Clay in the Hands of the Potters

When they called us anti-soviet and today when they are anti-soviet, the Thomas-Lovestone groups were motivated by the same considerations: they always take the easiest road. When the entire capitalist world was at the bottom of the trough of the economic crisis (1934) and during the honeymoon of Stalin with the democracies (1935-1937), it was easy to be pro-soviet – more exactly, pro-Stalin. During those momentous years, nothing could blast the Lovestonsites loose from their pro-Stalinist position. They even dared to defend the infamous Moscow trials against Zinoviev-Kamenev and Radek-Pyatakov!

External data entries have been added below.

lemma cond_exp_on_eq_integral_uniform_measure:
  assumes "prob_space M" "X \<in> measurable M N" "S \<in> sets N"
    and "measure M {\<omega> \<in> space M. X \<omega> \<in> S} \<noteq> 0" "Z \<in> borel_measurable M"
  shows "cond_exp_on M X S Z = (\<integral>\<omega>. Z \<omega> \<partial>uniform_measure M {\<omega> \<in> space M. X \<omega> \<in> S})"
proof -
  interpret prob_space M by fact
  have A: "{\<omega> \<in> space M. X \<omega> \<in> S} \<in> events"
    using assms(2,3) by measurable
  have "(\<integral>\<omega>. indicator S (X \<omega>) * Z \<omega> \<partial>M)
      = (\<integral>\<omega>. indicator {\<omega> \<in> space M. X \<omega> \<in> S} \<omega> * Z \<omega> \<partial>M)"
    by (intro Bochner_Integration.integral_cong) (auto split: split_indicator)
  then show ?thesis
    using integral_uniform_measure[OF A assms(4,5)] by (simp add: cond_exp_on_def)
qed

lemma cond_cov_on_eq_covariance:
  assumes "prob_space M" "X \<in> measurable M N" "S \<in> sets N"
    and "measure M {\<omega> \<in> space M. X \<omega> \<in> S} \<noteq> 0"
    and "A \<in> borel_measurable M" "B \<in> borel_measurable M"
  shows "cond_cov_on M X S A B = covariance (uniform_measure M {\<omega> \<in> space M. X \<omega> \<in> S}) A B"
  using assms by (simp add: cond_cov_on_def covariance_def cond_exp_on_eq_integral_uniform_measure)

lemma part_index_eqI:
  assumes "disjoint_family_on S {..<K}" "k < K" "x \<in> S k"
  shows "part_index K S x = k"
  unfolding part_index_def using assms by (intro the_equality) (auto simp: disjoint_family_on_def)

lemma integral_part_index_eq_sum:
  fixes L :: "nat \<Rightarrow> 'a \<Rightarrow> real"
  assumes disj: "disjoint_family_on S {..<K}"
    and cover: "\<And>\<omega>. \<omega> \<in> space M \<Longrightarrow> X \<omega> \<in> (\<Union>k<K. S k)"
    and int: "\<And>k. k < K \<Longrightarrow> integrable M (\<lambda>\<omega>. indicator (S k) (X \<omega>) * L k \<omega>)"
  shows "(\<integral>\<omega>. L (part_index K S (X \<omega>)) \<omega> \<partial>M) = (\<Sum>k<K. \<integral>\<omega>. indicator (S k) (X \<omega>) * L k \<omega> \<partial>M)"
proof -
  have "L (part_index K S (X \<omega>)) \<omega> = (\<Sum>k<K. indicator (S k) (X \<omega>) * L k \<omega>)"
    if \<omega>: "\<omega> \<in> space M" for \<omega>
  proof -
    obtain j where j: "j < K" "X \<omega> \<in> S j"
      using cover[OF \<omega>] by blast
    have "(\<Sum>k<K. indicator (S k) (X \<omega>) * L k \<omega>) = (\<Sum>k<K. if k = j then L j \<omega> else 0)"
      using disj j by (intro sum.cong) (auto simp: disjoint_family_on_def split: split_indicator)
    then show ?thesis
      using j part_index_eqI[OF disj j] by simp
  qed
  then have "(\<integral>\<omega>. L (part_index K S (X \<omega>)) \<omega> \<partial>M)
      = (\<integral>\<omega>. (\<Sum>k<K. indicator (S k) (X \<omega>) * L k \<omega>) \<partial>M)"
    by (rule Bochner_Integration.integral_cong[OF refl])
  also have "\<dots> = (\<Sum>k<K. \<integral>\<omega>. indicator (S k) (X \<omega>) * L k \<omega> \<partial>M)"
    using int by (intro Bochner_Integration.integral_sum) auto
  finally show ?thesis .
qed

lemma cell_loss_le_of_minimizer:
  fixes loss :: "'p \<Rightarrow> 'a \<Rightarrow> real"
  assumes disj: "disjoint_family_on S {..<K}"
    and cover: "\<And>\<omega>. \<omega> \<in> space M \<Longrightarrow> X \<omega> \<in> (\<Union>k<K. S k)"
    and int: "\<And>k p. k < K \<Longrightarrow> integrable M (\<lambda>\<omega>. indicator (S k) (X \<omega>) * loss p \<omega>)"
    and min: "\<And>\<theta>'. (\<integral>\<omega>. loss (\<theta> (part_index K S (X \<omega>))) \<omega> \<partial>M)
                  \<le> (\<integral>\<omega>. loss (\<theta>' (part_index K S (X \<omega>))) \<omega> \<partial>M)"
    and "k < K"
  shows "(\<integral>\<omega>. indicator (S k) (X \<omega>) * loss (\<theta> k) \<omega> \<partial>M)
    \<le> (\<integral>\<omega>. indicator (S k) (X \<omega>) * loss p \<omega> \<partial>M)"
proof -
  define cell where "cell \<theta>' j = (\<integral>\<omega>. indicator (S j) (X \<omega>) * loss (\<theta>' j) \<omega> \<partial>M)" for \<theta>' j
  have total: "(\<integral>\<omega>. loss (\<theta>' (part_index K S (X \<omega>))) \<omega> \<partial>M) = (\<Sum>j<K. cell \<theta>' j)" for \<theta>'
    unfolding cell_def using disj cover int by (rule integral_part_index_eq_sum)
  have "(\<Sum>j<K. cell \<theta> j) \<le> (\<Sum>j<K. cell (\<theta>(k := p)) j)"
    using min[of "\<theta>(k := p)"] by (simp only: total)
  also have "\<dots> = (\<Sum>j<K. cell \<theta> j) + (cell (\<theta>(k := p)) k - cell \<theta> k)"
    using \<open>k < K\<close> by (simp add: sum.remove[of "{..<K}" k] cell_def)
  finally have "cell \<theta> k \<le> cell (\<theta>(k := p)) k"
    by linarith
  then show ?thesis
    by (simp add: cell_def)
qed

lemma cond_exp_on_linear_fit_le_of_minimizer:
  assumes "prob_space M" "X \<in> measurable M N" "unit_valued M Y" "unit_valued M H"
    and "\<forall>k<K. S k \<in> sets N" "disjoint_family_on S {..<K}"
    and "\<And>\<omega>. \<omega> \<in> space M \<Longrightarrow> X \<omega> \<in> (\<Union>k<K. S k)"
    and min: "\<forall>g b :: nat \<Rightarrow> real.
           (\<integral>\<omega>. (Y \<omega> - \<gamma> (part_index K S (X \<omega>)) - \<beta> (part_index K S (X \<omega>)) * H \<omega>)\<^sup>2 \<partial>M)
         \<le> (\<integral>\<omega>. (Y \<omega> - g (part_index K S (X \<omega>)) - b (part_index K S (X \<omega>)) * H \<omega>)\<^sup>2 \<partial>M)"
    and "k < K"
  shows "cond_exp_on M X (S k) (\<lambda>\<omega>. (Y \<omega> - \<gamma> k - \<beta> k * H \<omega>)\<^sup>2)
    \<le> cond_exp_on M X (S k) (\<lambda>\<omega>. (Y \<omega> - c - d * H \<omega>)\<^sup>2)"
proof -
  interpret prob_space M by fact
  define loss where "loss p \<omega> = (Y \<omega> - fst p - snd p * H \<omega>)\<^sup>2" for p :: "real \<times> real" and \<omega>
  have "(\<integral>\<omega>. indicator (S k) (X \<omega>) * loss (\<gamma> k, \<beta> k) \<omega> \<partial>M)
      \<le> (\<integral>\<omega>. indicator (S k) (X \<omega>) * loss (c, d) \<omega> \<partial>M)"
  proof (rule cell_loss_le_of_minimizer[where \<theta>="\<lambda>j. (\<gamma> j, \<beta> j)"])
    show "integrable M (\<lambda>\<omega>. indicator (S j) (X \<omega>) * loss p \<omega>)" if "j < K" for j p
      unfolding loss_def using assms(5) that
      by (intro integrable_indicator_linear_residual_square[OF assms(3,4,2)]) auto
    show "(\<integral>\<omega>. loss (\<gamma> (part_index K S (X \<omega>)), \<beta> (part_index K S (X \<omega>))) \<omega> \<partial>M)
        \<le> (\<integral>\<omega>. loss (\<theta>' (part_index K S (X \<omega>))) \<omega> \<partial>M)" for \<theta>'
      using min[rule_format, of "\<lambda>j. fst (\<theta>' j)" "\<lambda>j. snd (\<theta>' j)"] unfolding loss_def by simp
  qed (use assms(6,7,9) in auto)
  then show ?thesis
    unfolding cond_exp_on_def loss_def by (simp add: divide_right_mono)
qed

lemma cond_linear_fit_covariance_le_cond_mse:
  assumes "prob_space M" "X \<in> measurable M N" "T \<in> sets N"
    and Y: "unit_valued M Y" and H: "unit_valued M H" and G: "unit_valued M G"
    and min: "\<And>c d. cond_exp_on M X T (\<lambda>\<omega>. (Y \<omega> - g - b * H \<omega>)\<^sup>2)
                  \<le> cond_exp_on M X T (\<lambda>\<omega>. (Y \<omega> - c - d * H \<omega>)\<^sup>2)"
  shows "cond_exp_on M X T (\<lambda>\<omega>. (Y \<omega> - g - b * H \<omega>)\<^sup>2) + 4 * (cond_cov_on M X T Y H)\<^sup>2
    \<le> cond_exp_on M X T (\<lambda>\<omega>. (Y \<omega> - G \<omega>)\<^sup>2) + 2 * \<bar>cond_cov_on M X T G Y\<bar>"
proof -
  interpret prob_space M by fact
  define A where "A = {\<omega> \<in> space M. X \<omega> \<in> T}"
  show ?thesis
  proof (cases "prob A = 0")
    case True
    \<comment> \<open>every conditional quantity is 0 here, since division by 0 yields 0\<close>
    then show ?thesis
      by (simp add: cond_cov_on_def cond_exp_on_def A_def)
  next
    case False
    interpret cell: prob_space "uniform_measure M A"
      using False by (intro prob_space_uniform_measure) (auto simp: emeasure_eq_measure)
    have [measurable]: "Y \<in> borel_measurable M" "H \<in> borel_measurable M" "G \<in> borel_measurable M"
      using Y H G by (simp_all add: unit_valued_def)
    have exp: "cond_exp_on M X T Z = cell.expectation Z" if "Z \<in> borel_measurable M" for Z
      using False that unfolding A_def by (intro cond_exp_on_eq_integral_uniform_measure[OF assms(1-3)])
    have cov: "cond_cov_on M X T B C = covariance (uniform_measure M A) B C"
      if "B \<in> borel_measurable M" "C \<in> borel_measurable M" for B C
      using False that unfolding A_def by (intro cond_cov_on_eq_covariance[OF assms(1-3)])
    define d where "d = 4 * covariance (uniform_measure M A) Y H"
    have "cond_exp_on M X T (\<lambda>\<omega>. (Y \<omega> - g - b * H \<omega>)\<^sup>2) + 4 * (cond_cov_on M X T Y H)\<^sup>2
      \<le> cell.expectation (\<lambda>\<omega>. (Y \<omega> - (cell.expectation Y - d * cell.expectation H) - d * H \<omega>)\<^sup>2)
        + 4 * (covariance (uniform_measure M A) Y H)\<^sup>2"
      using min by (simp add: exp cov)
    also have "\<dots> \<le> cell.variance Y"
      unfolding d_def by (intro cell.linear_fit_covariance_gain unit_valued_uniform_measure Y H)
    also have "\<dots> \<le> cell.expectation (\<lambda>\<omega>. (Y \<omega> - G \<omega>)\<^sup>2) + 2 * covariance (uniform_measure M A) G Y"
      by (intro cell.variance_le_mse_plus_covariance unit_valued_uniform_measure Y G)
    also have "\<dots> \<le> cond_exp_on M X T (\<lambda>\<omega>. (Y \<omega> - G \<omega>)\<^sup>2) + 2 * \<bar>cond_cov_on M X T G Y\<bar>"
      by (simp add: exp cov)
    finally show ?thesis .
  qed
qed

theorem theorem1:
  fixes M :: "'a measure" and N :: "'x measure"
    and X :: "'a \<Rightarrow> 'x" and Y Yh :: "'a \<Rightarrow> real"
    and F :: "('x \<Rightarrow> real) set" and \<alpha> :: real and K :: nat
    and S :: "nat \<Rightarrow> 'x set" and \<gamma> \<beta> :: "nat \<Rightarrow> real"
  assumes "prob_space M"
    and "X \<in> measurable M N"
    and "Y \<in> borel_measurable M" and "Yh \<in> borel_measurable M"
    and "\<forall>\<omega>\<in>space M. 0 \<le> Y \<omega> \<and> Y \<omega> \<le> 1"
    and "\<forall>\<omega>\<in>space M. 0 \<le> Yh \<omega> \<and> Yh \<omega> \<le> 1"
    and "\<forall>f\<in>F. f \<in> borel_measurable N \<and> (\<forall>x\<in>space N. 0 \<le> f x \<and> f x \<le> 1)"
    and "\<alpha> \<ge> 0" and "K \<ge> 1"
    and "\<forall>k<K. S k \<in> sets N"
    and "multicalibrated_partition M N X F Y \<alpha> K S"
    and "\<forall>g b :: nat \<Rightarrow> real.
           (\<integral>\<omega>. (Y \<omega> - \<gamma> (part_index K S (X \<omega>)) - \<beta> (part_index K S (X \<omega>)) * Yh \<omega>)\<^sup>2 \<partial>M)
         \<le> (\<integral>\<omega>. (Y \<omega> - g (part_index K S (X \<omega>)) - b (part_index K S (X \<omega>)) * Yh \<omega>)\<^sup>2 \<partial>M)"
  shows "\<forall>f\<in>F. \<forall>k<K.
           cond_exp_on M X (S k) (\<lambda>\<omega>. (Y \<omega> - \<gamma> k - \<beta> k * Yh \<omega>)\<^sup>2)
             + 4 * (cond_cov_on M X (S k) Y Yh)\<^sup>2
         \<le> cond_exp_on M X (S k) (\<lambda>\<omega>. (Y \<omega> - f (X \<omega>))\<^sup>2) + 2 * \<alpha>"
proof (intro ballI allI impI)
  fix f k assume f: "f \<in> F" and k: "k < K"
  note part = assms(11)[unfolded multicalibrated_partition_def]
  have disj: "disjoint_family_on S {..<K}"
    using part by (auto simp: disjoint_family_on_def)
  have cover: "X \<omega> \<in> (\<Union>k<K. S k)" if "\<omega> \<in> space M" for \<omega>
    using part measurable_space[OF assms(2) that] by blast
  have Y: "unit_valued M Y" and H: "unit_valued M Yh"
    using assms(3-6) by (auto simp: unit_valued_def)
  have F: "unit_valued M (\<lambda>\<omega>. f (X \<omega>))"
    using assms(7) f measurable_space[OF assms(2)] measurable_compose[OF assms(2), of f]
    by (auto simp: unit_valued_def)
  have "\<bar>cond_cov_on M X (S k) (\<lambda>\<omega>. f (X \<omega>)) Y\<bar> \<le> \<alpha>"
    using part k f unfolding indistinguishable_def by blast
  moreover have "cond_exp_on M X (S k) (\<lambda>\<omega>. (Y \<omega> - \<gamma> k - \<beta> k * Yh \<omega>)\<^sup>2)
      + 4 * (cond_cov_on M X (S k) Y Yh)\<^sup>2
    \<le> cond_exp_on M X (S k) (\<lambda>\<omega>. (Y \<omega> - f (X \<omega>))\<^sup>2)
      + 2 * \<bar>cond_cov_on M X (S k) (\<lambda>\<omega>. f (X \<omega>)) Y\<bar>"
    using assms(1,2,10,12) k disj cover
    by (intro cond_linear_fit_covariance_le_cond_mse[OF _ _ _ Y H F]
        cond_exp_on_linear_fit_le_of_minimizer[OF _ _ Y H]) auto
  ultimately show "cond_exp_on M X (S k) (\<lambda>\<omega>. (Y \<omega> - \<gamma> k - \<beta> k * Yh \<omega>)\<^sup>2)
      + 4 * (cond_cov_on M X (S k) Y Yh)\<^sup>2
    \<le> cond_exp_on M X (S k) (\<lambda>\<omega>. (Y \<omega> - f (X \<omega>))\<^sup>2) + 2 * \<alpha>"
    by linarith
qed

end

Only after the execution of the Red Generals (June, 1937) did they, in the dark, without any explanation, abandon their apologies for the Moscow trials. But today, when the Soviet Union is allied to the enemy of the friends of American imperialism, the Thomas-Lovestone groups repudiate not merely Stalin, but the Soviet Union. As they yielded previously to the pressure of the Stalinist regime and its democratic allies, now they yield to the pressure of the democratic imperialists. Can one imagine, for a moment, that these people will stand up under the pressure of the war-mongers when the war comes here?


Footnote

1. Truth being insufficient to make the point, the Lovestoneites resort to invention: they quote me as saying at a public meeting that anyone who condemned the Russian invasion of Poland was an enemy of the Soviet Union, and that I also said that the Red Army – and they put it in quotation marks! – was “bringing liberation and socialism to the Poles.” What I actually said was a mere repetition of the estimate of the Polish invasion which Leon Trotsky made in the Socialist Appeal, Oct. 10.